### Data/Feature Collection
Notebook for collecting features from the Spotify API and Librosa.

In [51]:
import pandas as pd
import numpy as np
import spotipy
from spotipy.oauth2 import SpotifyClientCredentials
import librosa
import json
import requests
from secret import *
from IPython.display import clear_output

client_credentials_manager = SpotifyClientCredentials(client_id=spotify_credentials['client_id'],
                                                      client_secret=spotify_credentials['client_secret'])
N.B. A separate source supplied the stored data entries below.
(* Let $L_1,L_2\subseteq\Sigma^*$ be regular languages with $L_1\subseteq\bigcup_{\alpha\in\Sigma^\kappa}\Sigma^*\alpha\Sigma^*\bar\alpha$ and $L_2\subseteq\bigcup_{\alpha\in\Sigma^\kappa}\alpha\Sigma^*\bar\alpha\Sigma^*$. Let $\lambda=\max\{\lambda_{L_1},\lambda_{L_2}\}$ and let $\eta=\lambda_{\mathcal{H}_\kappa(L_1,L_2)}$. Then: (i) $\sqrt{\lambda}\le\eta\le\lambda$. In particular, the growth of $\mathcal{H}_\kappa(L_1,L_2)$ is exponential (resp. polynomial, finite) if and only if the maximum growth of $L_1$ and $L_2$ is exponential (resp. polynomial, finite). (ii) If $\mathcal{H}_\kappa(L_1,L_2)$ is regular, then $\eta=\lambda$.
   Context: $\Sigma$ is a finite alphabet with at least two letters equipped with an involution $a\mapsto\bar a$ (a bijection with $\bar{\bar a}=a$), extended to words by $\overline{a_1\cdots a_m}=\bar a_m\cdots\bar a_1$. $\kappa$ is a fixed positive integer. The hairpin completion is $\mathcal{H}_\kappa(L_1,L_2)=\{\gamma\alpha\beta\bar\alpha\bar\gamma:\gamma,\alpha,\beta\in\Sigma^*,\ |\alpha|\ge\kappa,\ \gamma\alpha\beta\bar\alpha\in L_1\text{ or }\alpha\beta\bar\alpha\bar\gamma\in L_2\}$. For a language $L$, its growth indicator is $\lambda_L=\inf\{\lambda\in\mathbb{R}_{\ge0}:\exists c>0\ \forall m\in\mathbb{N}: |L\cap\Sigma^m|\le c\lambda^m\}$. The growth of $L$ is called exponential if $\lambda_L>1$, polynomial (sub-exponential but infinite) if $\lambda_L=1$, and finite if $\lambda_L=0$ (for regular and unambiguous linear languages these are the only possibilities). *)

theory Defs
  imports Complex_Main "HOL-Library.Cardinality"
begin

datatype 'a rexp = Zero | One | Atom 'a | Plus "'a rexp" "'a rexp" | Times "'a rexp" "'a rexp" | Star "'a rexp"

definition conc :: "'a list set \<Rightarrow> 'a list set \<Rightarrow> 'a list set" where
  "conc A B = {u @ v | u v. u \<in> A \<and> v \<in> B}"

inductive_set kstar :: "'a list set \<Rightarrow> 'a list set" for A where
  kstar_Nil: "[] \<in> kstar A"
| kstar_app: "u \<in> A \<Longrightarrow> v \<in> kstar A \<Longrightarrow> u @ v \<in> kstar A"

fun lang :: "'a rexp \<Rightarrow> 'a list set" where
  "lang Zero = {}"
| "lang One = {[]}"
| "lang (Atom a) = {[a]}"
| "lang (Plus r s) = lang r \<union> lang s"
| "lang (Times r s) = conc (lang r) (lang s)"
| "lang (Star r) = kstar (lang r)"

definition regular :: "'a list set \<Rightarrow> bool" where
  "regular L \<longleftrightarrow> (\<exists>r. lang r = L)"

definition wbar :: "('a \<Rightarrow> 'a) \<Rightarrow> 'a list \<Rightarrow> 'a list" where
  "wbar bar w = rev (map bar w)"

definition hairpin :: "('a \<Rightarrow> 'a) \<Rightarrow> nat \<Rightarrow> 'a list set \<Rightarrow> 'a list set \<Rightarrow> 'a list set" where
  "hairpin bar \<kappa> L1 L2 =
     {\<gamma> @ \<alpha> @ \<beta> @ wbar bar \<alpha> @ wbar bar \<gamma> | \<gamma> \<alpha> \<beta>.
        length \<alpha> \<ge> \<kappa> \<and>
        (\<gamma> @ \<alpha> @ \<beta> @ wbar bar \<alpha> \<in> L1 \<or> \<alpha> @ \<beta> @ wbar bar \<alpha> @ wbar bar \<gamma> \<in> L2)}"

definition growth :: "'a list set \<Rightarrow> real" where
  "growth L = Inf {l::real. l \<ge> 0 \<and>
      (\<exists>c>0. \<forall>m::nat. real (card {w \<in> L. length w = m}) \<le> c * l ^ m)}"

definition exp_growth :: "'a list set \<Rightarrow> bool" where
  "exp_growth L \<longleftrightarrow> growth L > 1"

definition poly_growth :: "'a list set \<Rightarrow> bool" where
  "poly_growth L \<longleftrightarrow> growth L = 1"

definition finite_growth :: "'a list set \<Rightarrow> bool" where
  "finite_growth L \<longleftrightarrow> growth L = 0"

end

(* Every word of L1 is a prefix, and every word of L2 a suffix, of a hairpin word at most
   twice as long.  Conversely, a hairpin word of length m is determined by m and a word of L1
   or L2 of length at least m/2 from which it was completed.  Both correspondences are
   injective on words of equal length, so they compare the numbers of words of each length up
   to a linear change of length and a polynomial factor; this gives lambda <= eta^2 and
   eta <= lambda.  If the hairpin completion is regular, every prefix and every suffix of one
   of its words can be completed within a bounded number of letters (by induction on regular
   expressions, for suffixes after reversal), so the change of length is only additive and
   lambda <= eta. *)

theory Submission
  imports Defs "HOL-Library.Sublist"
begin

definition growth_bound :: "'a list set \<Rightarrow> real \<Rightarrow> bool" where
  "growth_bound L l \<longleftrightarrow> l \<ge> 0 \<and> (\<exists>c>0. \<forall>m. real (card {w \<in> L. length w = m}) \<le> c * l ^ m)"

lemma growth_eq_Inf: "growth L = Inf (Collect (growth_bound L))"
  by (simp add: growth_def growth_bound_def[abs_def])

lemma finite_words_length_le: "finite {w :: 'a::finite list. length w \<le> n}"
  using finite_lists_length_le[of "UNIV :: 'a set" n] by simp

lemma growth_bound_card_UNIV: "growth_bound (L :: 'a::finite list set) CARD('a)"
proof -
  have "card {w \<in> L. length w = m} \<le> card {w :: 'a list. length w = m}" for m
    using finite_lists_length_eq[of "UNIV :: 'a set" m] by (intro card_mono) auto
  also have "card {w :: 'a list. length w = m} = CARD('a) ^ m" for m
    using card_lists_length_eq[of "UNIV :: 'a set" m] by simp
  finally have "real (card {w \<in> L. length w = m}) \<le> 1 * real CARD('a) ^ m" for m
    by (simp flip: of_nat_power)
  then show ?thesis unfolding growth_bound_def by (intro conjI exI[of _ 1]) auto
qed

lemma bdd_below_growth_bound: "bdd_below (Collect (growth_bound L))"
  by (auto simp: bdd_below_def growth_bound_def)

lemma growth_nonneg: "0 \<le> growth (L :: 'a::finite list set)"
proof -
  have "Collect (growth_bound L) \<noteq> {}" using growth_bound_card_UNIV by blast
  then show ?thesis unfolding growth_eq_Inf by (intro cInf_greatest) (auto simp: growth_bound_def)
qed

lemma growth_le_if_growth_bound: "growth_bound L l \<Longrightarrow> growth L \<le> l"
  unfolding growth_eq_Inf by (rule cInf_lower[OF _ bdd_below_growth_bound]) simp

lemma growth_bound_mono: "growth_bound L l \<Longrightarrow> l \<le> l' \<Longrightarrow> growth_bound L l'"
proof -
  assume "growth_bound L l" "l \<le> l'"
  then obtain c where "c > 0" "l \<ge> 0" and c: "\<And>m. real (card {w \<in> L. length w = m}) \<le> c * l ^ m"
    unfolding growth_bound_def by blast
  have "c * l ^ m \<le> c * l' ^ m" for m
    using \<open>c > 0\<close> \<open>l \<ge> 0\<close> \<open>l \<le> l'\<close> by (simp add: power_mono)
  then show ?thesis
    unfolding growth_bound_def using \<open>c > 0\<close> \<open>l \<ge> 0\<close> \<open>l \<le> l'\<close> c by (meson order.trans)
qed

lemma growth_bound_if_growth_less:
  assumes "growth (L :: 'a::finite list set) < l" shows "growth_bound L l"
proof -
  have "Inf (Collect (growth_bound L)) < l" using assms by (simp add: growth_eq_Inf)
  then obtain l' where "growth_bound L l'" "l' < l"
    using growth_bound_card_UNIV[of L] by (subst (asm) cInf_less_iff) (auto intro: bdd_below_growth_bound)
  then show ?thesis using growth_bound_mono by fastforce
qed

lemma growth_leI: "(\<And>y. x < y \<Longrightarrow> growth_bound L y) \<Longrightarrow> growth L \<le> x"
  by (rule dense_ge) (simp add: growth_le_if_growth_bound)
sp = spotipy.Spotify(client_credentials_manager=client_credentials_manager)

In [49]:
all_decade_songs = pd.read_csv('../data/all_decade_songs.csv')
all_decade_songs

Unnamed: 0,artist,song,decade
0,Gene Autry,"Rudolph, The Red-nosed Reindeer",1950
1,The Andrews Sisters,"I Can Dream, Can't I",1950
2,The Ames Brothers,Rag Mop,1950
3,Red Foley,Chattanoogie Shoe Shine Boy,1950
4,Teresa Brewer,Music! Music! Music!,1950
...,...,...,...
1184,Lewis Capaldi,Someone You Loved,2010
1185,Selena Gomez,Lose You to Love Me,2010
1186,Post Malone,Circles,2010
1187,The Weeknd,Heartless,2010


Get song objects from Spotify.

In [50]:
def get_missing_url(artist,song):
    '''falls back on the iTunes API to get a 30 sec. preview of a song if Spotify
        doesn't provide one, also assigns a different genre since iTunes uses
        more traditional genres, returns track metadata'''

    artist = artist.replace(" ","+")
    song = song.replace(" ","+")

    try:
        r = requests.get(f"https://itunes.apple.com/search?term={artist}+{song}&limit=1")
        content = json.loads(r.text)
        preview = content['results'][0]["previewUrl"]
        genre = content['results'][0]["primaryGenreName"]
        return str(preview), genre.lower()

    except:
        pass
    
def search_and_extract(track_query):
    '''A function that takes in a song query and returns
    the track id and preview url for that track in a dict.'''

    track_query = str(track_query).strip().replace(" ","+")

    #uses the API to search for a track
    try:
        search = sp.search(track_query, type='track', limit=1, market='US')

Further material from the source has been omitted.